Accounts That Increase Attack Surface Risk
Accounts with configurations that increase your organization's attack surface risk
Account configuration risks include:
  • Synced admin accounts: Highly authorized Microsoft Entra ID and Active Directory admin accounts that should not be synced with admin or non-admin accounts
  • Extra admin accounts: Additional global or company admin accounts beyond those necessary for system administration
  • Stale accounts: Enabled accounts that have been inactive for more than 180 days
Click View Details to view detailed information about accounts that increase attack surface risk in Operations Dashboard.
Note
Note
For customers that have updated to the Foundation Services release, this widget is only available for users with the Accounts asset visibility scope.
Accounts With Excessive Privilege
Accounts with privileges beyond those required for daily operations
Excessive privilege indicators include:
  • Service account misconfiguration: Service accounts with permissions beyond those required to perform required tasks
  • Highly authorized disabled accounts: Disabled accounts assigned to highly authorized roles or groups
Click View Details to view detailed information about accounts with excessive privilege in Operations Dashboard.
For more information, see Accounts with excessive privilege.
Note
Note
For customers that have updated to the Foundation Services release, this widget is only available for users with the Accounts asset visibility scope.

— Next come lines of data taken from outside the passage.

lemma section_upper_eq:
  assumes T: "0 \<le> T" and below: "(1-2*q)*T \<le> (1-q)^2"
  shows "section_upper T = -q*T/(1-q)"
proof -
  have "-q*T/(1-q) \<le> 0" using q_pos q_less_half T by (simp add: divide_nonpos_pos)
  moreover have "(1-q)^2 \<le> 1-q" using q_pos q_less_half
    by (simp add: power2_eq_square mult_le_cancel_right1)
  hence "-q*T \<le> (1-T)*(1-q)" using below by (simp add: algebra_simps)
  hence "-q*T/(1-q) \<le> 1-T" using q_less_half by (subst pos_divide_le_eq) auto
  moreover have "(-q*T)*(2-q) \<le> ((1-q) - T*(1+q))*(1-q)"
    using below by (simp add: algebra_simps power2_eq_square)
  hence "-q*T/(1-q) \<le> ((1-q) - T*(1+q))/(2-q)" using q_pos q_less_half by (simp add: field_simps)
  moreover have "(1-q)^2 \<le> 1 - q^2" using q_pos q_less_half by (simp add: power2_eq_square algebra_simps)
  hence "(-q*T)*q \<le> (1+q-T*(1-q))*(1-q)" using below by (simp add: algebra_simps power2_eq_square)
  hence "-q*T/(1-q) \<le> (1+q-T*(1-q))/q" using q_pos q_less_half by (simp add: field_simps)
  ultimately show ?thesis unfolding section_upper_def by linarith
qed

lemma disc_root_plus_1_eq:
  assumes "0 \<le> t"
  shows "(disc_root (t^2) + 1) * (q * (1-q)) = -(((1-q)*t - w*(1-v)) * ((1-q)*t - w*(1+v)))"
  unfolding disc_root_square[OF assms] using q_pos q_less_half
  by (simp add: field_simps) (use w_square v_square in algebra)

lemma floor_factor_pos:
  assumes "1 \<le> t"
  shows "0 < (1-q)*t - w*(1-v)"
proof -
  have "w*(1-v) \<le> 1-v" using w_less_1 v_less_1 by (simp add: mult_le_cancel_right1)
  moreover have "1-q \<le> (1-q)*t" using assms q_less_half by (simp add: mult_le_cancel_left1)
  ultimately show ?thesis using q_less_v by linarith
qed

lemma disc_root_ge_minus_1:
  assumes t: "1 \<le> t" and "(1-q)*t \<le> w*(1+v)"
  shows "-1 \<le> disc_root (t^2)"
proof -
  have "((1-q)*t - w*(1-v)) * ((1-q)*t - w*(1+v)) \<le> 0"
    using floor_factor_pos[OF t] assms(2) by (simp add: mult_nonneg_nonpos)
  hence "0 \<le> (disc_root (t^2) + 1) * (q * (1-q))" using disc_root_plus_1_eq t by simp
  moreover have "0 < q * (1-q)" using q_pos q_less_half by simp
  ultimately show ?thesis by (simp add: zero_le_mult_iff)
qed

Legacy Authentication Protocol With Log On Activity
Log on attempts made through legacy authentication protocols
Legacy authentication may be performed by:
  • Older Microsoft Office clients that do not use modern authentication (for example, the Microsoft Office 2010 client)
  • Any client that uses legacy mail protocols such as IMAP, SMTP, or POP3
Note
Note
Legacy authentication does not support multi-factor authentication (MFA). Even if you have an MFA policy enabled on your directory, a threat actor can bypass MFA and authenticate using available legacy protocols.

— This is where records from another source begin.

locale gaussian_single_index = prob_space M
  for M :: "'a measure" and N :: "'e measure" and X :: "nat \<Rightarrow> 'a \<Rightarrow> real"
    and \<epsilon> :: "'a \<Rightarrow> 'e" and f :: "real \<Rightarrow> 'e \<Rightarrow> real" and p :: nat +
  assumes std_normal_X: "\<And>j. j < p \<Longrightarrow> distributed M lborel (X j) std_normal_density"
    and indep_X: "indep_vars (\<lambda>_. borel) X {..<p}"
    and measurable_\<epsilon> [measurable]: "\<epsilon> \<in> measurable M N"
    and indep_X_\<epsilon>: "indep_set
      (sets (vimage_algebra (space M) (\<lambda>\<omega>. \<lambda>j\<in>{..<p}. X j \<omega>) (PiM {..<p} (\<lambda>_. borel))))
      (sets (vimage_algebra (space M) \<epsilon> N))"
    and measurable_f [measurable]: "(\<lambda>(z, e). f z e) \<in> borel_measurable (borel \<Otimes>\<^sub>M N)"
begin

definition index :: "(nat \<Rightarrow> real) \<Rightarrow> 'a \<Rightarrow> real" where
  "index \<beta> \<omega> = (\<Sum>i<p. X i \<omega> * \<beta> i)"

definition response :: "(nat \<Rightarrow> real) \<Rightarrow> 'a \<Rightarrow> real" where
  "response \<beta> \<omega> = f (index \<beta> \<omega>) (\<epsilon> \<omega>)"

lemma measurable_X: "i < p \<Longrightarrow> X i \<in> borel_measurable M"
  using distributed_measurable[OF std_normal_X] by simp

lemma measurable_design [measurable]:
  "(\<lambda>\<omega>. \<lambda>i\<in>{..<p}. X i \<omega>) \<in> measurable M (PiM {..<p} (\<lambda>_. borel))"
  using measurable_X by (intro measurable_restrict) simp

lemma measurable_index [measurable]: "index \<beta> \<in> borel_measurable M"
  unfolding index_def using measurable_X by (intro borel_measurable_sum borel_measurable_times) auto

lemma measurable_response [measurable]: "response \<beta> \<in> borel_measurable M"
  unfolding response_def by measurable
lemma inj_on_h: "inj_on h {0..1}"
proof (rule inj_onI, rule ccontr)
  fix s t assume st: "s \<in> {0..1}" "t \<in> {0..1}" "h s = h t" "s \<noteq> t"
  then obtain m where "(1 / real N) ^ m < \<bar>s - t\<bar>" using real_arch_pow_inv N_gt_1 by fastforce
  then show False using h_eq_imp_close[OF st(1-3)] by (meson not_le)
qed

definition g :: "'a \<Rightarrow> real" where
  "g = (SOME g. homeomorphism {0..1} \<gamma> h g)"

lemma homeomorphism_h_g: "homeomorphism {0..1} \<gamma> h g"
proof -
  have "\<exists>g. homeomorphism {0..1} \<gamma> h g"
    by (rule homeomorphism_compact[OF _ continuous_on_h h_image inj_on_h]) simp
  then show ?thesis unfolding g_def by (rule someI_ex)
qed

lemma g_h: "t \<in> {0..1} \<Longrightarrow> g (h t) = t"
  and h_g: "x \<in> \<gamma> \<Longrightarrow> h (g x) = x"
  and g_in_interval: "x \<in> \<gamma> \<Longrightarrow> g x \<in> {0..1}"
  and continuous_on_g: "continuous_on \<gamma> g"
  using homeomorphism_h_g by (auto simp: homeomorphism_def)

lemma g_0: "g 0 = 0" and g_e: "g e = 1"
  using g_h[of 0] g_h[of 1] h_0 h_1 by auto

text \<open>Any other parametrization \<open>h'\<close> with inverse \<open>g'\<close> differs from \<open>h\<close> by the continuous
  injection \<open>g' \<circ> h\<close> of \<open>[0,1]\<close>, which is increasing once \<open>g' 0 < g' e\<close>.\<close>
lemma arc_le_iff: "arc_le \<gamma> e x y \<longleftrightarrow> x \<in> \<gamma> \<and> y \<in> \<gamma> \<and> g x \<le> g y"
proof
  assume "x \<in> \<gamma> \<and> y \<in> \<gamma> \<and> g x \<le> g y"
  then show "arc_le \<gamma> e x y" unfolding arc_le_def using homeomorphism_h_g g_0 g_e
    by (intro conjI exI[of _ h] exI[of _ g]) auto
next
  assume "arc_le \<gamma> e x y"
  then obtain h' :: "real \<Rightarrow> 'a" and g' where xy: "x \<in> \<gamma>" "y \<in> \<gamma>"
    and H: "homeomorphism {0..1} \<gamma> h' g'" and ord: "g' 0 < g' e" "g' x \<le> g' y"
    unfolding arc_le_def by blast
  have cont: "continuous_on {0..1} (g' \<circ> h)"
    using H h_image by (intro continuous_on_compose continuous_on_h) (auto simp: homeomorphism_def)
  have "inj_on g' \<gamma>" by (rule inj_on_inverseI[of _ h']) (use H in \<open>simp add: homeomorphism_def\<close>)
  then have inj: "inj_on (g' \<circ> h) {0..1}" using h_image by (intro comp_inj_on[OF inj_on_h]) simp
  have mono: "strict_mono_on {0..1} (g' \<circ> h)"
    by (rule continuous_inj_on_strict_mono_on[OF cont inj]) (use ord(1) h_0 h_1 in simp)
  have "(g' \<circ> h) (g x) \<le> (g' \<circ> h) (g y)" using ord(2) h_g xy by simp
  moreover have "(g' \<circ> h) (g y) < (g' \<circ> h) (g x) \<longleftrightarrow> g y < g x"
    by (rule strict_mono_on_less[OF mono]) (use g_in_interval xy in auto)
  ultimately have "g x \<le> g y" by (meson not_le)
  then show "x \<in> \<gamma> \<and> y \<in> \<gamma> \<and> g x \<le> g y" using xy by simp
qed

Click View Details to view detailed information about legacy authentication protocol with log on activity in Operations Dashboard.
Note
Note
For customers that have updated to the Foundation Services release, this widget is only available for users with the Accounts asset visibility scope.
SaaS Application Misconfiguration Risks
SaaS application misconfigurations found in your environment
Click View Details to view detailed information about your SaaS applications with misconfiguration risks in Operations Dashboard.
SaaS Application Compliance Violations
SaaS application compliance violations found in your environment
Click View Details to view detailed information about your SaaS applications with compliance violations in Operations Dashboard.